lemma regularized_solution_bounds:
  fixes \<Lambda> :: "real \<Rightarrow> real \<Rightarrow> real" and e :: real
  assumes e: "e > 0"
    and smooth: "smooth2 (\<lambda>z. \<Lambda> (fst z) (snd z))"
    and periodic: "\<And>s t. t \<ge> 0 \<Longrightarrow> \<Lambda> (s + 2*pi) t = \<Lambda> s t"
    and pde: "\<And>s t. t > 0 \<Longrightarrow>
      deriv (\<lambda>\<tau>. \<Lambda> s \<tau>) t = deriv (\<lambda>\<sigma>. deriv (Jeps e) (deriv (\<lambda>r. \<Lambda> r t) \<sigma> + \<sigma>)) s"
  defines "V0 \<equiv> integral {0..2*pi} (\<lambda>s. \<bar>deriv (\<lambda>r. deriv (\<lambda>q. \<Lambda> q 0) r + r) s\<bar>)"
  assumes t: "t > 0"
  shows "\<And>s. 0 \<le> s \<Longrightarrow> s < 2*pi \<Longrightarrow> \<bar>deriv (\<lambda>r. \<Lambda> r t) s + s\<bar> \<le> 2 * pi + V0"
    and "total_variation (\<lambda>s. deriv (\<lambda>r. \<Lambda> r t) s + s) {0..<2*pi} \<le> ereal (2 * pi + V0)"
proof -
  obtain F where F: "(\<lambda>z. \<Lambda> (fst z) (snd z)) \<in> F"
    "\<And>g. g \<in> F \<Longrightarrow> g differentiable_on UNIV \<and> partial_fst g \<in> F \<and> partial_snd g \<in> F"
    using smooth unfolding smooth2_def partial_fst_def[abs_def] partial_snd_def[abs_def] by blast
  obtain a c c' L where J: "\<And>x. (Jeps e has_real_derivative a x) (at x)"
    "\<And>x. (a has_real_derivative c x) (at x)" "\<And>x. (c has_real_derivative c' x) (at x)"
    "\<And>x. e\<^sup>2 \<le> c x" "\<And>x. \<bar>c' x\<bar> \<le> L"
    using Jeps_derivatives[OF e] by blast
  have "deriv (Jeps e) = a" using J(1) by (auto intro!: DERIV_imp_deriv)
  then interpret periodic_solution \<Lambda> F a c c' e L
  proof unfold_locales
    show "\<And>g. g \<in> F \<Longrightarrow> g differentiable_on UNIV" "\<And>g. g \<in> F \<Longrightarrow> partial_fst g \<in> F"
      "\<And>g. g \<in> F \<Longrightarrow> partial_snd g \<in> F"
      using F(2) by blast+
  qed (use e F(1) periodic pde J in simp_all)
  have tv_le: "tv t \<le> V0" using tv_le_tv_0[OF t] by (simp add: tv_0_eq V0_def)
  show "\<bar>deriv (\<lambda>r. \<Lambda> r t) s + s\<bar> \<le> 2 * pi + V0" if "0 \<le> s" "s < 2*pi" for s
    using abs_phi_le[OF t, of s] that tv_le by (simp add: deriv_\<Lambda>_eq_Lam_s)
  show "total_variation (\<lambda>s. deriv (\<lambda>r. \<Lambda> r t) s + s) {0..<2*pi} \<le> ereal (2 * pi + V0)"
    using total_variation_phi_le_tv[of t] tv_le by (simp add: order_trans)
qed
*****
# Requirement
A word-for-word restatement of the lines running from the one with "qed (use e F(1) periodic pde J in simp_all)" to the last line of the records is the whole answer.

# Solution to the exercise
  qed (use e F(1) periodic pde J in simp_all)
  have tv_le: "tv t \<le> V0" using tv_le_tv_0[OF t] by (simp add: tv_0_eq V0_def)
  show "\<bar>deriv (\<lambda>r. \<Lambda> r t) s + s\<bar> \<le> 2 * pi + V0" if "0 \<le> s" "s < 2*pi" for s
    using abs_phi_le[OF t, of s] that tv_le by (simp add: deriv_\<Lambda>_eq_Lam_s)
  show "total_variation (\<lambda>s. deriv (\<lambda>r. \<Lambda> r t) s + s) {0..<2*pi} \<le> ereal (2 * pi + V0)"
    using total_variation_phi_le_tv[of t] tv_le by (simp add: order_trans)
qed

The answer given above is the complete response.